2024-01-29T13:10:50+0000 [INFO] [cli] Starting production HTTP BentoServer from "service:VLLM" listening on http://localhost:3000 (Press CTRL+C to quit)
The server is active at http://localhost:3000. You can interact with it in different ways.
curl -X 'POST' \
'http://localhost:3000/generate' \
-H 'accept: text/event-stream' \
-H 'Content-Type: application/json' \
-d '{
"prompt": "Explain superconductors like I'\''m five years old",
"max_tokens": 1024
}'
import bentoml
with bentoml.SyncHTTPClient("http://localhost:3000") as client:
response_generator = client.generate(
prompt="Explain superconductors like I'm five years old",
max_tokens=1024
)
for response in response_generator:
print(response, end='')
The @openai_endpoints
decorator provides OpenAI-compatible endpoints (chat/completions
and completions
) for the Service. To interact with them, simply set the base_url
parameter as the BentoML server address in the client.
from openai import OpenAI
client = OpenAI(base_url='http://localhost:3000/v1', api_key='na')
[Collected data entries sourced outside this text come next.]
text \<open>Two fuzzy subsets are \<open>\<rho>\<close>-related exactly when their supports meet the same
  \<open>\<rho>\<close>-classes. Hence regularity says that the set of classes met by \<open>a \<circ> \<gamma> \<circ> b\<close> depends
  only on the classes of \<open>a\<close> and \<open>b\<close>, which is precisely the well-definedness of \<open>\<otimes>\<close>;
  associativity of \<open>\<otimes>\<close> is then the image of associativity of \<open>\<ast>\<close> under the quotient
  map. Strong regularity says moreover that each support lies in a single class, i.e.
  that \<open>\<otimes>\<close> is single-valued.\<close>

abbreviation classes :: "('m \<times> 'm) set \<Rightarrow> 'm set \<Rightarrow> 'm set set" where
  "classes \<rho> A \<equiv> (\<lambda>x. \<rho> `` {x}) ` A"

lemma classes_subset_iff:
  assumes "equiv UNIV \<rho>"
  shows "classes \<rho> A \<subseteq> classes \<rho> B \<longleftrightarrow> (\<forall>a\<in>A. \<exists>b\<in>B. (a, b) \<in> \<rho>)"
  by (simp add: image_subset_iff image_iff equiv_class_eq_iff[OF assms])

lemma fuzzy_rel_iff_classes_eq:
  assumes "equiv UNIV \<rho>"
  shows "fuzzy_rel \<rho> \<mu> \<nu> \<longleftrightarrow> classes \<rho> {x. 0 < \<mu> x} = classes \<rho> {x. 0 < \<nu> x}"
  unfolding fuzzy_rel_def set_eq_subset classes_subset_iff[OF assms] by simp

lemma quotient_op_iff:
  "quotient_op circ \<rho> h \<longleftrightarrow>
     (\<forall>a b \<gamma>. h (\<rho> `` {a}) \<gamma> (\<rho> `` {b}) = classes \<rho> (assoc_hyper circ a \<gamma> b))"
  unfolding quotient_op_def by (simp add: setcompr_eq_image)

lemma ball_quotient_UNIV: "(\<forall>X\<in>UNIV // \<rho>. P X) \<longleftrightarrow> (\<forall>a. P (\<rho> `` {a}))"
  by (auto simp: quotient_def)

lemma regular_classes_congruent:
  assumes "equiv UNIV \<rho>" and "fuzzy_Gamma_regular circ \<rho>"
    and "(a, a') \<in> \<rho>" and "(b, b') \<in> \<rho>"
  shows "classes \<rho> (assoc_hyper circ a \<gamma> b) = classes \<rho> (assoc_hyper circ a' \<gamma> b')"
proof -
  have "fuzzy_rel \<rho> (circ a \<gamma> b) (circ a' \<gamma> b)" "fuzzy_rel \<rho> (circ a' \<gamma> b) (circ a' \<gamma> b')"
    using assms(2-4) unfolding fuzzy_Gamma_regular_def by blast+
  then show ?thesis
    unfolding assoc_hyper_def fuzzy_rel_iff_classes_eq[OF assms(1)] by simp
qed

definition quotient_hyperop :: "('m \<Rightarrow> 'g \<Rightarrow> 'm \<Rightarrow> 'm \<Rightarrow> real) \<Rightarrow> ('m \<times> 'm) set
    \<Rightarrow> 'm set \<Rightarrow> 'g \<Rightarrow> 'm set \<Rightarrow> 'm set set" where
  "quotient_hyperop circ \<rho> X \<gamma> Y = classes \<rho> (assoc_hyper circ (SOME a. a \<in> X) \<gamma> (SOME b. b \<in> Y))"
# Use the following func to get the available models
client.models.list()
chat_completion = client.chat.completions.create(
model="mistralai/Mistral-7B-Instruct-v0.2",
messages=[
{
"role": "user",
"content": "Explain superconductors like I'm five years old"
}
],
stream=True,
)
for chunk in chat_completion:
# Extract and print the content of the model's reply
print(chunk.choices[0].delta.content or "", end="")
See also
These OpenAI-compatible endpoints support vLLM extra parameters. For example, you can force the chat/completions
endpoint to output a JSON object by using guided_json
:
from openai import OpenAI
client = OpenAI(base_url='http://localhost:3000/v1', api_key='na')
# Use the following func to get the available models
client.models.list()
json_schema = {
"type": "object",
"properties": {
"city": {"type": "string"}
}
}
chat_completion = client.chat.completions.create(
model="mistralai/Mistral-7B-Instruct-v0.2",
messages=[
{
"role": "user",
"content": "What is the capital of France?"
}
],
extra_body=dict(guided_json=json_schema),
)
print(chat_completion.choices[0].message.content) # Return something like: {"city": "Paris"}
If your Service is deployed with protected endpoints on BentoCloud, you need to set the environment variable OPENAI_API_KEY
to your BentoCloud API key first.
export OPENAI_API_KEY={YOUR_BENTOCLOUD_API_TOKEN}
You can then use the following line to replace the client in the above code snippet. Refer to Obtain the endpoint URL to retrieve the endpoint URL.
client = OpenAI(base_url='your_bentocloud_deployment_endpoint_url/v1')
Visit http://localhost:3000, scroll down to Service APIs, and click Try it out. In the Request body box, enter your prompt and click Execute.
Deploy to BentoCloud¶
After the Service is ready, you can deploy the project to BentoCloud for better management and scalability. Sign up for a BentoCloud account and get $10 in free credits.
First, specify a configuration YAML file (
bentofile.yaml
) to define the build options for your application. It is used for packaging your application into a Bento. Here is an example file in the project:service: "service:VLLM" labels: owner: bentoml-team stage: demo include: - "*.py" - "bentovllm_openai/*.py" python: requirements_txt: "./requirements.txt" envs: - name: HF_TOKEN
-
bentoml cloud login
Create a BentoCloud secret to store the required environment variable and reference it during deployment.
bentoml secret create huggingface HF_TOKEN=<your_hf_token> bentoml deploy . --secret huggingface
Once the Deployment is up and running on BentoCloud, you can access it via the exposed URL.
Note
For custom deployment in your own infrastructure, use BentoML to generate an OCI-compliant image.